subsection \<open>Orthogonal bases and projections\<close>

lemma dotD_self_pos:
  assumes "c < D" "v c \<noteq> 0"
  shows "0 < dotD D v v"
  unfolding dotD_def using assms
  by (intro sum_pos2[of "{..<D}" c]) (auto simp: zero_less_mult_iff linorder_neq_iff)

lemma dotD_diff: "dotD D p (\<lambda>b. u b - w b) = dotD D p u - dotD D p w"
  unfolding dotD_def by (simp add: sum_subtractf right_diff_distrib)

lemma dotD_matvec_projM:
  "dotD D r (matvec D (\<lambda>a b. g * projM D p a b + z * projM D q a b) u)
     = g * dotD D r p * dotD D p u / dotD D p p + z * dotD D r q * dotD D q u / dotD D q q"
  unfolding matvec_def projM_def dotD_def
  by (simp add: sum.distrib sum_distrib_left sum_divide_distrib algebra_simps)

lemma orthogonal_basis_resolution_of_identity:
  fixes v :: "nat \<Rightarrow> nat \<Rightarrow> real"
  assumes nonzero: "\<forall>l\<in>{1..D}. dotD D (v l) (v l) \<noteq> 0"
    and orth: "\<forall>l\<in>{1..D}. \<forall>m\<in>{1..D}. l \<noteq> m \<longrightarrow> dotD D (v l) (v m) = 0"
    and "c < D" "c' < D"
  shows "(\<Sum>l\<in>{1..D}. v l c * v l c' / dotD D (v l) (v l)) = (if c = c' then 1 else 0)"
proof -
  txt \<open>\<open>M * N = 1\<close> is the orthogonality of the \<open>v\<^sub>l\<close>; a one-sided inverse of a square matrix
    is two-sided.\<close>
  define M where "M = mat D D (\<lambda>(a,b). v (Suc a) b / dotD D (v (Suc a)) (v (Suc a)))"
  define N where "N = mat D D (\<lambda>(b,a). v (Suc a) b)"
  have carrier: "M \<in> carrier_mat D D" "N \<in> carrier_mat D D"
    by (simp_all add: M_def N_def)
  have "M * N = 1\<^sub>m D"
  proof (rule eq_matI)
    fix a b assume "a < dim_row (1\<^sub>m D :: real mat)" "b < dim_col (1\<^sub>m D :: real mat)"
    then have "a < D" "b < D" by simp_all
    have "(M * N) $$ (a,b) = dotD D (v (Suc a)) (v (Suc b)) / dotD D (v (Suc a)) (v (Suc a))"
      using \<open>a < D\<close> \<open>b < D\<close>
      by (simp add: M_def N_def scalar_prod_def sum_divide_distrib atLeast0LessThan dotD_def)
    then show "(M * N) $$ (a,b) = 1\<^sub>m D $$ (a,b)"
      using nonzero orth \<open>a < D\<close> \<open>b < D\<close> by auto
  qed (simp_all add: M_def N_def)
  then have "N * M = 1\<^sub>m D"
    by (rule mat_mult_left_right_inverse[OF carrier])
  moreover have "(N * M) $$ (c,c') = (\<Sum>a<D. v (Suc a) c * v (Suc a) c' / dotD D (v (Suc a)) (v (Suc a)))"
    using assms(3,4) by (simp add: M_def N_def scalar_prod_def atLeast0LessThan)
  ultimately show ?thesis
    using assms(3,4) by (simp add: sum.atLeast1_atMost_eq)
qed

lemma orthogonal_basis_expansion:
  fixes v :: "nat \<Rightarrow> nat \<Rightarrow> real"
  assumes "\<forall>l\<in>{1..D}. dotD D (v l) (v l) \<noteq> 0"
    and "\<forall>l\<in>{1..D}. \<forall>m\<in>{1..D}. l \<noteq> m \<longrightarrow> dotD D (v l) (v m) = 0"
    and "c < D"
  shows "(\<Sum>l\<in>{1..D}. v l c / dotD D (v l) (v l) * dotD D (v l) w) = w c"
proof -
  have "(\<Sum>l\<in>{1..D}. v l c / dotD D (v l) (v l) * dotD D (v l) w)
      = (\<Sum>l\<in>{1..D}. \<Sum>c'<D. v l c * v l c' / dotD D (v l) (v l) * w c')"
    unfolding dotD_def by (simp add: sum_distrib_left mult.assoc)
  also have "\<dots> = (\<Sum>c'<D. (\<Sum>l\<in>{1..D}. v l c * v l c' / dotD D (v l) (v l)) * w c')"
    unfolding sum_distrib_right by (rule sum.swap)
  also have "\<dots> = (\<Sum>c'<D. if c = c' then w c' else 0)"
    using orthogonal_basis_resolution_of_identity[OF assms] by (intro sum.cong) auto
  also have "\<dots> = w c"
    using assms(3) by (simp add: sum.delta)
  finally show ?thesis .
qed

lemma rho_in_range:
  assumes "dstar > 0"
  shows "rho dstar k \<in> {1..dstar}"
  using mod_less_divisor[OF assms, of k] assms unfolding rho_def by auto

lemma rho_mult_add:
  assumes "l \<in> {1..dstar}"
  shows "rho dstar (m * dstar + l) = l"
  using assms by (cases "l = dstar") (auto simp: rho_def)

subsection \<open>The lifted system\<close>

locale lifted_consensus =
  fixes n D :: nat and E :: "(nat \<times> nat) set" and \<sigma> :: real and v :: "nat \<Rightarrow> nat \<Rightarrow> real"
    and A :: "nat \<Rightarrow> nat \<Rightarrow> nat \<Rightarrow> nat \<Rightarrow> nat \<Rightarrow> real"
    and \<gamma> \<zeta> :: "nat \<Rightarrow> nat \<Rightarrow> nat \<Rightarrow> real" and x :: "nat \<Rightarrow> nat \<Rightarrow> nat \<Rightarrow> real"
  assumes graph: "undirected_connected n E"
    and D_ge2: "D \<ge> 2"
    and sigma_pos: "\<sigma> > 0"
    and v_nonzero: "\<forall>l\<in>{1..D}. \<exists>c<D. v l c \<noteq> 0"
    and v_orth: "\<forall>l\<in>{1..D}. \<forall>m\<in>{1..D}. l \<noteq> m \<longrightarrow> dotD D (v l) (v m) = 0"
    and A0_sym: "\<forall>i j. (i,j) \<in> E \<longrightarrow> A 0 i j = A 0 j i"
    and A_dyn: "\<forall>k\<ge>1. \<forall>i j. (i,j) \<in> E \<longrightarrow>
                  A k i j = (\<lambda>a b. \<gamma> (rho (D - 1) k) i j * projM D (v (rho (D - 1) k)) a b
                                  + \<zeta> (rho (D - 1) k) i j * projM D (v D) a b)"
    and gz_sym: "\<forall>r i j. \<gamma> r i j = \<gamma> r j i \<and> \<zeta> r i j = \<zeta> r j i"
    and gz_bounds: "\<forall>r\<in>{1..D - 1}. \<forall>i j. (i,j) \<in> E \<longrightarrow>
                  0 < \<gamma> r i j \<and> \<gamma> r i j < 1 / (4 * (real n - 1) * \<sigma>) \<and>
                  0 < \<zeta> r i j \<and> \<zeta> r i j < 1 / (4 * (real n - 1) * \<sigma>)"
    and update: "\<forall>k. \<forall>i<n. \<forall>c<D.
                  x (Suc k) i c = x k i c + \<sigma> * (\<Sum>j\<in>nbrs E i.
                      matvec D (A k i j) (\<lambda>b. x k j b - x k i b) c)"
begin

lemma edges: "E \<subseteq> {..<n} \<times> {..<n}" "\<forall>i j. (i,j) \<in> E \<longrightarrow> (j,i) \<in> E"
  using graph unfolding undirected_connected_def by auto

lemma dotD_v_self_nonzero: "\<forall>l\<in>{1..D}. dotD D (v l) (v l) \<noteq> 0"
  using v_nonzero dotD_self_pos by (metis less_irrefl)

lemma rho_lt_D: "rho (D - 1) k \<in> {1..D - 1}"
  using rho_in_range[of "D - 1"] D_ge2 by simp

text \<open>The weight with which the coordinate along \<open>v\<^sub>l\<close> is averaged at step \<open>k \<ge> 1\<close>.\<close>

definition proj_weight :: "nat \<Rightarrow> nat \<Rightarrow> nat \<Rightarrow> nat \<Rightarrow> real" where
  "proj_weight l k i j = (if l = rho (D - 1) k then \<gamma> (rho (D - 1) k) i j else 0)
     + (if l = D then \<zeta> (rho (D - 1) k) i j else 0)"

lemma proj_weight_bounds:
  assumes "(i,j) \<in> E"
  shows "0 \<le> \<sigma> * proj_weight l k i j" "\<sigma> * proj_weight l k i j \<le> 1 / (4 * (real n - 1))"
proof -
  define r where "r = rho (D - 1) k"
  have "i < n" "j < n" "i \<noteq> j"
    using assms graph unfolding undirected_connected_def by auto
  then have "real n - 1 > 0"
    by linarith
  have r: "r \<in> {1..D - 1}" "r \<noteq> D"
    using rho_lt_D[of k] unfolding r_def by auto
  then have "proj_weight l k i j \<in> {0, \<gamma> r i j, \<zeta> r i j}"
    unfolding proj_weight_def r_def[symmetric] by auto
  then have "0 \<le> proj_weight l k i j \<and> proj_weight l k i j \<le> 1 / (4 * (real n - 1) * \<sigma>)"
    using gz_bounds r(1) assms \<open>real n - 1 > 0\<close> sigma_pos by (auto simp: less_imp_le)
  then show "0 \<le> \<sigma> * proj_weight l k i j" "\<sigma> * proj_weight l k i j \<le> 1 / (4 * (real n - 1))"
    using sigma_pos mult_left_mono[of _ "1 / (4 * (real n - 1) * \<sigma>)" \<sigma>] by auto
qed

lemma dotD_v_matvec_A:
  assumes "k \<ge> 1" "(i,j) \<in> E" "l \<in> {1..D}"
  shows "dotD D (v l) (matvec D (A k i j) u) = proj_weight l k i j * dotD D (v l) u"
proof -
  define r where "r = rho (D - 1) k"
  have r: "r \<in> {1..D}" "r \<noteq> D"
    using rho_lt_D[of k] unfolding r_def by auto
  have "dotD D (v l) (matvec D (A k i j) u) =
      \<gamma> r i j * dotD D (v l) (v r) * dotD D (v r) u / dotD D (v r) (v r)
      + \<zeta> r i j * dotD D (v l) (v D) * dotD D (v D) u / dotD D (v D) (v D)"
    using A_dyn assms(1,2) by (simp add: r_def dotD_matvec_projM)
  then show ?thesis
    using v_orth dotD_v_self_nonzero assms(3) r D_ge2
    unfolding proj_weight_def r_def[symmetric] by (auto split: if_splits)
qed

lemma dotD_v_update:
  assumes "k \<ge> 1" "i < n" "l \<in> {1..D}"
  shows "dotD D (v l) (x (Suc k) i) = dotD D (v l) (x k i)
      + (\<Sum>j\<in>nbrs E i. \<sigma> * proj_weight l k i j * (dotD D (v l) (x k j) - dotD D (v l) (x k i)))"
proof -
  have "dotD D (v l) (x (Suc k) i) = dotD D (v l) (x k i)
      + \<sigma> * (\<Sum>j\<in>nbrs E i. dotD D (v l) (matvec D (A k i j) (\<lambda>b. x k j b - x k i b)))"
    using update assms(2) unfolding dotD_def
    by (simp add: distrib_left sum.distrib sum_distrib_left sum.swap[of _ "{..<D}"] mult.left_commute)
  also have "\<dots> = dotD D (v l) (x k i)
      + (\<Sum>j\<in>nbrs E i. \<sigma> * proj_weight l k i j * (dotD D (v l) (x k j) - dotD D (v l) (x k i)))"
    using dotD_v_matvec_A[OF assms(1) _ assms(3)]
    by (simp add: sum_distrib_left dotD_diff nbrs_def mult.assoc)
  finally show ?thesis .
qed

lemma sum_x_first_step:
  assumes "c < D"
  shows "(\<Sum>i<n. x 1 i c) = (\<Sum>i<n. x 0 i c)"
proof -
  have "(\<Sum>i<n. \<Sum>j\<in>nbrs E i. matvec D (A 0 i j) (\<lambda>b. x 0 j b - x 0 i b) c) = 0"
  proof (rule sum_nbrs_antisym_eq_0[OF edges], intro allI impI)
    fix i j assume "(i,j) \<in> E"
    then have "A 0 j i = A 0 i j"
      using A0_sym by metis
    then show "matvec D (A 0 i j) (\<lambda>b. x 0 j b - x 0 i b) c
        = - matvec D (A 0 j i) (\<lambda>b. x 0 i b - x 0 j b) c"
      by (simp add: matvec_def sum_negf[symmetric] algebra_simps)
  qed
  then show ?thesis
    using update assms by (simp add: sum.distrib sum_distrib_left[symmetric])
qed

text \<open>Persistent excitation: \<open>v\<^sub>D\<close> is active at every step, \<open>v\<^sub>l\<close> with \<open>l < D\<close> at the steps
  \<open>m (D - 1) + l\<close>.\<close>

lemma proj_weight_persistent:
  assumes "l \<in> {1..D}"
  obtains g :: "nat \<Rightarrow> nat" and \<epsilon> :: real where "strict_mono g" "\<epsilon> > 0"
    "\<forall>m i j. (i,j) \<in> E \<longrightarrow> \<epsilon> \<le> \<sigma> * proj_weight l (Suc (g m)) i j"
proof -
  define f where "f = (\<lambda>(r,i,j). min (\<sigma> * \<gamma> r i j) (\<sigma> * \<zeta> r i j))"
  have "finite E"
    using edges(1) by (rule finite_subset) simp
  then have "finite ({1..D - 1} \<times> E)"
    by simp
  moreover have "\<forall>s\<in>{1..D - 1} \<times> E. 0 < f s"
    using gz_bounds sigma_pos by (auto simp: f_def)
  ultimately obtain \<epsilon> where eps: "\<epsilon> > 0" and eps_le: "\<forall>s\<in>{1..D - 1} \<times> E. \<epsilon> \<le> f s"
    using finite_positive_lower_bound by blast
  have eps_gz: "\<epsilon> \<le> \<sigma> * \<gamma> r i j" "\<epsilon> \<le> \<sigma> * \<zeta> r i j" if "r \<in> {1..D - 1}" "(i,j) \<in> E" for r i j
    using eps_le[rule_format, of "(r,i,j)"] that by (simp_all add: f_def)
  show ?thesis
  proof (cases "l = D")
    case True
    have "\<epsilon> \<le> \<sigma> * proj_weight l (Suc m) i j" if "(i,j) \<in> E" for m i j
      using eps_gz(2)[OF rho_lt_D that] rho_lt_D[of "Suc m"] True by (auto simp: proj_weight_def)
    then show ?thesis
      using that[of id \<epsilon>] eps by (simp add: strict_mono_def)
  next
    case False
    with assms have l: "l \<in> {1..D - 1}" by auto
    then have "Suc (m * (D - 1) + l - 1) = m * (D - 1) + l" for m
      by simp
    then have "\<epsilon> \<le> \<sigma> * proj_weight l (Suc (m * (D - 1) + l - 1)) i j" if "(i,j) \<in> E" for m i j
      using eps_gz(1)[OF l that] rho_mult_add[OF l, of m] False by (simp add: proj_weight_def)
    moreover have "strict_mono (\<lambda>m. m * (D - 1) + l - 1)"
      using l by (auto simp: strict_mono_Suc_iff)
    ultimately show ?thesis
      using that eps by blast
  qed
qed

lemma dotD_v_tendsto_average:
  assumes "l \<in> {1..D}" "i < n"
  shows "(\<lambda>k. dotD D (v l) (x k i)) \<longlonglongrightarrow> dotD D (v l) (\<lambda>c. (1 / real n) * (\<Sum>j<n. x 0 j c))"
proof -
  interpret scalar: symmetric_consensus n E "\<lambda>k i j. \<sigma> * proj_weight l (Suc k) i j"
    "\<lambda>k i. dotD D (v l) (x (Suc k) i)"
  proof
    show "\<forall>k i j. (i,j) \<in> E \<longrightarrow> \<sigma> * proj_weight l (Suc k) i j = \<sigma> * proj_weight l (Suc k) j i"
      using gz_sym by (simp add: proj_weight_def)
    show "\<forall>k i j. (i,j) \<in> E \<longrightarrow> 0 \<le> \<sigma> * proj_weight l (Suc k) i j"
      "\<forall>k i j. (i,j) \<in> E \<longrightarrow> \<sigma> * proj_weight l (Suc k) i j \<le> 1 / (4 * (real n - 1))"
      using proj_weight_bounds by blast+
    show "\<forall>k. \<forall>i<n. dotD D (v l) (x (Suc (Suc k)) i) = dotD D (v l) (x (Suc k) i)
        + (\<Sum>j\<in>nbrs E i. \<sigma> * proj_weight l (Suc k) i j
            * (dotD D (v l) (x (Suc k) j) - dotD D (v l) (x (Suc k) i)))"
      using dotD_v_update[OF _ _ assms(1)] by simp
  qed (rule graph)
  obtain g :: "nat \<Rightarrow> nat" and \<epsilon> :: real where "strict_mono g" "\<epsilon> > 0"
    "\<forall>m i j. (i,j) \<in> E \<longrightarrow> \<epsilon> \<le> \<sigma> * proj_weight l (Suc (g m)) i j"
    using proj_weight_persistent[OF assms(1)] .
  then have "(\<lambda>k. dotD D (v l) (x (Suc k) i)) \<longlonglongrightarrow> scalar.average"
    using scalar.tendsto_average assms(2) by blast
  moreover have "(\<Sum>j<n. dotD D (v l) (x 1 j)) = (\<Sum>c<D. v l c * (\<Sum>j<n. x 1 j c))"
    unfolding dotD_def sum_distrib_left by (rule sum.swap)
  then have "scalar.average = dotD D (v l) (\<lambda>c. (1 / real n) * (\<Sum>j<n. x 0 j c))"
    unfolding scalar.average_def
    using sum_x_first_step by (simp add: dotD_def sum_divide_distrib[of _ "{..<D}"])
  ultimately show ?thesis
    by (auto intro: LIMSEQ_imp_Suc)
qed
━━━━━━━━━━
Lines with the word "text" in them are the answer; report each one from the data.

text \<open>The weight with which the coordinate along \<open>v\<^sub>l\<close> is averaged at step \<open>k \<ge> 1\<close>.\<close>
text \<open>Persistent excitation: \<open>v\<^sub>D\<close> is active at every step, \<open>v\<^sub>l\<close> with \<open>l < D\<close> at the steps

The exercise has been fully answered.